##### Excerpted records

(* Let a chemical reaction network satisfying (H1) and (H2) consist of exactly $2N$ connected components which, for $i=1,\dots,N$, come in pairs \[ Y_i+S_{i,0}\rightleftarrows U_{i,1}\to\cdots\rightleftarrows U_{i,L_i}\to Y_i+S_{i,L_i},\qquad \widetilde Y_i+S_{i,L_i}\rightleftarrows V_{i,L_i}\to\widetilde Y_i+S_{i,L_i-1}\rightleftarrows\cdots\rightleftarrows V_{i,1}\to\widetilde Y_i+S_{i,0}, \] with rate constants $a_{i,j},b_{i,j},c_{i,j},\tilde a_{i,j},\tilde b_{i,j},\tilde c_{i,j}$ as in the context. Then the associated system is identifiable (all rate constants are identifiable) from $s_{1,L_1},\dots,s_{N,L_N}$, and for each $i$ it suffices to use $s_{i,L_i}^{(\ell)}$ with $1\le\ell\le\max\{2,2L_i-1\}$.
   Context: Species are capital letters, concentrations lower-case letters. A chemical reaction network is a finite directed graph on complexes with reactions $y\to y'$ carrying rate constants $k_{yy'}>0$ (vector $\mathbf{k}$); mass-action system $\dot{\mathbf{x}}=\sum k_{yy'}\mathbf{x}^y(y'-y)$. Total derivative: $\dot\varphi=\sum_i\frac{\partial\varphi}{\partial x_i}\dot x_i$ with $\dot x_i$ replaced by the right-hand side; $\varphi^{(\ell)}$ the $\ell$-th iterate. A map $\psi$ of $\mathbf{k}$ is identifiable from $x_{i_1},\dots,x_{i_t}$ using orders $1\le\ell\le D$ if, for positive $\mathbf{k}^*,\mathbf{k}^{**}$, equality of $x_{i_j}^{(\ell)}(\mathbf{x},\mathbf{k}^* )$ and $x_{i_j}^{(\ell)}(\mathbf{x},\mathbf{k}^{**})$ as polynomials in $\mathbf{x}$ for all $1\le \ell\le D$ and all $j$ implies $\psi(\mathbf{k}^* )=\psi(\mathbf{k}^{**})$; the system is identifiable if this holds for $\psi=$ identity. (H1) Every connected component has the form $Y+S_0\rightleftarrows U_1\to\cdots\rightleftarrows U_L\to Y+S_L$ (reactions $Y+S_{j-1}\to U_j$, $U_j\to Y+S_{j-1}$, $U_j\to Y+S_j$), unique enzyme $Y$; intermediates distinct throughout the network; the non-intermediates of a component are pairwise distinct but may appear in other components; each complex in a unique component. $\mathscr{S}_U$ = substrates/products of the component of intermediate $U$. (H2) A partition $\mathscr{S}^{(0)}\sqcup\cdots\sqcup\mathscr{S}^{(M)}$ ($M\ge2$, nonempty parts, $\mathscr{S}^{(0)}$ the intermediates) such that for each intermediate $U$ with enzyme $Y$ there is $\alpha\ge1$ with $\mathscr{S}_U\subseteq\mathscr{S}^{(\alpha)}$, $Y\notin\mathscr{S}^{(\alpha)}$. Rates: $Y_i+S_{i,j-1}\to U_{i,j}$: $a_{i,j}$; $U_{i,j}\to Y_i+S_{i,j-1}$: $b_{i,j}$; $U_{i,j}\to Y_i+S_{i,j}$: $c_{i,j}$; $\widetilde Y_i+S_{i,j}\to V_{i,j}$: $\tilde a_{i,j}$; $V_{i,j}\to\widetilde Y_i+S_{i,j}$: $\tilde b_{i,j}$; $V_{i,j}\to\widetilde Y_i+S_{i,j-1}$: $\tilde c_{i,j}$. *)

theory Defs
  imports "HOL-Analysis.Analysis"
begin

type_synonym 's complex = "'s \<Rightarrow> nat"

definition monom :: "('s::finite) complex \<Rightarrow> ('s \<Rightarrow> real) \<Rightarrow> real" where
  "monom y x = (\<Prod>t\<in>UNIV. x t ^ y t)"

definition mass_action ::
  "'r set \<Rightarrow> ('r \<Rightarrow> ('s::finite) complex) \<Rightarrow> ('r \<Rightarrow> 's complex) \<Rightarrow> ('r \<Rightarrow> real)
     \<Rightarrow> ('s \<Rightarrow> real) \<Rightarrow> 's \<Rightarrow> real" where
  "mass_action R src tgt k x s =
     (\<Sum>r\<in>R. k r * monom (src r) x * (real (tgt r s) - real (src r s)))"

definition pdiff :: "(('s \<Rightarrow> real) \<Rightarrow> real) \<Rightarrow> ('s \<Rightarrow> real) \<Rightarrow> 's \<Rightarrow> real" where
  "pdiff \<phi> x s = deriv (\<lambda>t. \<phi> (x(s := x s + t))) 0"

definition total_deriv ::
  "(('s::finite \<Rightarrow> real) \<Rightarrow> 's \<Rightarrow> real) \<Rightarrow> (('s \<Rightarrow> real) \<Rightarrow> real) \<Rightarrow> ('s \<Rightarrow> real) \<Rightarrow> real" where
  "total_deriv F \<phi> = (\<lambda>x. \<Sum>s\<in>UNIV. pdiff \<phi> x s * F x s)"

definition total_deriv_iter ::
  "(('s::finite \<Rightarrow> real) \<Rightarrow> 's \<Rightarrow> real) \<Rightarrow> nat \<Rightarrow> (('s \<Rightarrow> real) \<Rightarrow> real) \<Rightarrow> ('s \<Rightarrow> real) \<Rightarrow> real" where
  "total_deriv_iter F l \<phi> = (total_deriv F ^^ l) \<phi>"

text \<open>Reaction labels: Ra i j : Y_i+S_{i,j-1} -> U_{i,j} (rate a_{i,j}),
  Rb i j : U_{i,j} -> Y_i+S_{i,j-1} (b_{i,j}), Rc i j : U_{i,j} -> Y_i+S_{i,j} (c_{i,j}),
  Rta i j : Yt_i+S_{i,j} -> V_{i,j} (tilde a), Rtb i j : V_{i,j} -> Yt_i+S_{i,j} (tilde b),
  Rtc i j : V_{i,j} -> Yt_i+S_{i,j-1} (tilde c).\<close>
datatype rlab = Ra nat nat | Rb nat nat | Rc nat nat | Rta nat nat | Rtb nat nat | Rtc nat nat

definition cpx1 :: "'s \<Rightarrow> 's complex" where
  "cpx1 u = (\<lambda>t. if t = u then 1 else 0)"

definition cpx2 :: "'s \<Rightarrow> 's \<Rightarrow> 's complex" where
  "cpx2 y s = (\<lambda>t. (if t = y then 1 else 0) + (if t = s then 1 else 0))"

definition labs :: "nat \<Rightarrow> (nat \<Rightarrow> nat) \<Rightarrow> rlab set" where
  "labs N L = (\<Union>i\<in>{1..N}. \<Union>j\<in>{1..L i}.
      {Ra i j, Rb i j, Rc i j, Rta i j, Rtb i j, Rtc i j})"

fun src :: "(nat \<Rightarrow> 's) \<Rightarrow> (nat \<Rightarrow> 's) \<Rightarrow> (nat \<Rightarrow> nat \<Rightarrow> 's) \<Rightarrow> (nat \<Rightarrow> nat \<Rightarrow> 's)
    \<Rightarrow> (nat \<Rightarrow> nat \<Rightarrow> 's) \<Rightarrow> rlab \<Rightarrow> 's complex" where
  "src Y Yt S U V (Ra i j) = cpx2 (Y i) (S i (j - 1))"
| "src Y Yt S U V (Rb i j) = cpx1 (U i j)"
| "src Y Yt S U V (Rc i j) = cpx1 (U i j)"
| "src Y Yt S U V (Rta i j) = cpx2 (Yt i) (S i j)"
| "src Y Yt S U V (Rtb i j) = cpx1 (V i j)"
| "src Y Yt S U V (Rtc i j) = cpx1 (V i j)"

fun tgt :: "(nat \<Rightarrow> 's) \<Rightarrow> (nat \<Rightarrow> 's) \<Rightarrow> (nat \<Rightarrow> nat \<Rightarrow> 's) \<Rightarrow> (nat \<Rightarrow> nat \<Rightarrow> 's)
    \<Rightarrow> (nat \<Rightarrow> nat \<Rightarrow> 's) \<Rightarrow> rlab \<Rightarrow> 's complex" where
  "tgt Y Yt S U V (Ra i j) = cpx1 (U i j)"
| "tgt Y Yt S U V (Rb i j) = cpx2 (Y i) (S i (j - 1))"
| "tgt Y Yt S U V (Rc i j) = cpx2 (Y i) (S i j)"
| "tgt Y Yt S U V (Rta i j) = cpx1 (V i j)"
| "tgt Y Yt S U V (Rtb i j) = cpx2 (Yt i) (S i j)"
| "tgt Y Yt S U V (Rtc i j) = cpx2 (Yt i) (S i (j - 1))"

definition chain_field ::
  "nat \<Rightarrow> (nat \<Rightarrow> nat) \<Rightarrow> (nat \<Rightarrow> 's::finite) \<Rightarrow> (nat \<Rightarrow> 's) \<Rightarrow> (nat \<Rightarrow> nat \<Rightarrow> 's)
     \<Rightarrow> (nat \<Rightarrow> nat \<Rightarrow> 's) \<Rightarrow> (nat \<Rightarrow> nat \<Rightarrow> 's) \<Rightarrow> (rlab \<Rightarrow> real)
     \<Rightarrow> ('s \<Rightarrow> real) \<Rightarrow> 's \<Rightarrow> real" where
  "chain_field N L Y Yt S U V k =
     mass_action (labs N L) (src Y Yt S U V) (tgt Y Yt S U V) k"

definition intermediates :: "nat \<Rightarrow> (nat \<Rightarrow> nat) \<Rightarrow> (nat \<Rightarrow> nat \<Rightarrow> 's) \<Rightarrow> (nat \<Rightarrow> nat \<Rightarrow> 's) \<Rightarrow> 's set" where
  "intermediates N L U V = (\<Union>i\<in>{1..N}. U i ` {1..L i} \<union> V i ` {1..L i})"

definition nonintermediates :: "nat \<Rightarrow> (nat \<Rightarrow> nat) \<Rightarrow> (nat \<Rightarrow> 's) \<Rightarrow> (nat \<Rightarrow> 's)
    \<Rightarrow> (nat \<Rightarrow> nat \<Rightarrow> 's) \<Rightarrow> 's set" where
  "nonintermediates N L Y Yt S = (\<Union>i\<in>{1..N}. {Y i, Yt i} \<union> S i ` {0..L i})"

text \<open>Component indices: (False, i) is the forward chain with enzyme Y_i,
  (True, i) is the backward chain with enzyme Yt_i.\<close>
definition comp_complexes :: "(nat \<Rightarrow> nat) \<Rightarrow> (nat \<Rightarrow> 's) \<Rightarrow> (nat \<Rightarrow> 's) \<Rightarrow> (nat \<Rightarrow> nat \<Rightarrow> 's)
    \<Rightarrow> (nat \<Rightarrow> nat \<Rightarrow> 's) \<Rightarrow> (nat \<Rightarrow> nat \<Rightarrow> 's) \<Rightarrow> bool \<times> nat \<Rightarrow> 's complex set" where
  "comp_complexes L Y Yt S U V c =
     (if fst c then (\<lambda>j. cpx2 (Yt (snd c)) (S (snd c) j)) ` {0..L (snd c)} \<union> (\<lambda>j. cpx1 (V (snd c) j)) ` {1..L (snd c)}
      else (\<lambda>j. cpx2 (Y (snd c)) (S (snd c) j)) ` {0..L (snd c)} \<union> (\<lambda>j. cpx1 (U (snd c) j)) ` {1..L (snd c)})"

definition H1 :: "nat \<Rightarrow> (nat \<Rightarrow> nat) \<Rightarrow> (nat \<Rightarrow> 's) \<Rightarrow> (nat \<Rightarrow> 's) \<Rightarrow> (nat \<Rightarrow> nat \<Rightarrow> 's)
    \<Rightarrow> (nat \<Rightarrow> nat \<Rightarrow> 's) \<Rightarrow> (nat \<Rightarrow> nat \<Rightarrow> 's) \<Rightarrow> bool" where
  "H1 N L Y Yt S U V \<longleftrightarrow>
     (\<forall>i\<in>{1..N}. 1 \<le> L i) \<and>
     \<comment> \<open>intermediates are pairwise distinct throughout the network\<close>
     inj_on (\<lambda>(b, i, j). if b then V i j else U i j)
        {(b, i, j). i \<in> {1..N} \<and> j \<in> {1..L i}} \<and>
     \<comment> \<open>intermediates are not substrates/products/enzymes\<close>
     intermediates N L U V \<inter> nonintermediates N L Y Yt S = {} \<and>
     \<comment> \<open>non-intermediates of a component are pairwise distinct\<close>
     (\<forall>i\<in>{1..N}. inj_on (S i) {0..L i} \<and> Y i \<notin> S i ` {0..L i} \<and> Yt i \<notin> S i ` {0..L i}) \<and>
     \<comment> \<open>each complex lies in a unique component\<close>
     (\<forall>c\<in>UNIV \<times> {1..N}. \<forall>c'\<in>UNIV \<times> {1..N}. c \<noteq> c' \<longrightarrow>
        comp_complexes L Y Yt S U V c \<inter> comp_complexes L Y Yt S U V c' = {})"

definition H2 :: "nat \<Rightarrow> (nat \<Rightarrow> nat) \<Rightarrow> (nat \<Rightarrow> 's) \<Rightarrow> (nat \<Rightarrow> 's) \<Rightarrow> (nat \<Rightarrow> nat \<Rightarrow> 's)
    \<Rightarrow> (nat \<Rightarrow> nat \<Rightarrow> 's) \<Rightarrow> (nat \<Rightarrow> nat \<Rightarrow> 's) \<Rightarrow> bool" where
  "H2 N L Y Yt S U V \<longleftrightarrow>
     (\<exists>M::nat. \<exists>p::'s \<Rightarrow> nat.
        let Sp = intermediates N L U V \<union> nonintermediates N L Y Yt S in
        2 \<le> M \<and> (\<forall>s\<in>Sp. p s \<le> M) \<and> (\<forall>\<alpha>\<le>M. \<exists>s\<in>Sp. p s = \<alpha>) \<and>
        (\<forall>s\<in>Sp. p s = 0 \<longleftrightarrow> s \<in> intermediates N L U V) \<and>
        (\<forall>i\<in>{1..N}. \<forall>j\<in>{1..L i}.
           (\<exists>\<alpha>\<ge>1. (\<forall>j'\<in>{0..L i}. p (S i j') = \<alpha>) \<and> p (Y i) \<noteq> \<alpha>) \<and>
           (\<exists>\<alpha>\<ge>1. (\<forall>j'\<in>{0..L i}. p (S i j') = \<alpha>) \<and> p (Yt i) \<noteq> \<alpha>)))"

##########

## Goal of the exercise
Which of the lines above hold the string "UNIV"? Pick each of them out.

## Output for this exercise
  "monom y x = (\<Prod>t\<in>UNIV. x t ^ y t)"
  "total_deriv F \<phi> = (\<lambda>x. \<Sum>s\<in>UNIV. pdiff \<phi> x s * F x s)"
     (\<forall>c\<in>UNIV \<times> {1..N}. \<forall>c'\<in>UNIV \<times> {1..N}. c \<noteq> c' \<longrightarrow>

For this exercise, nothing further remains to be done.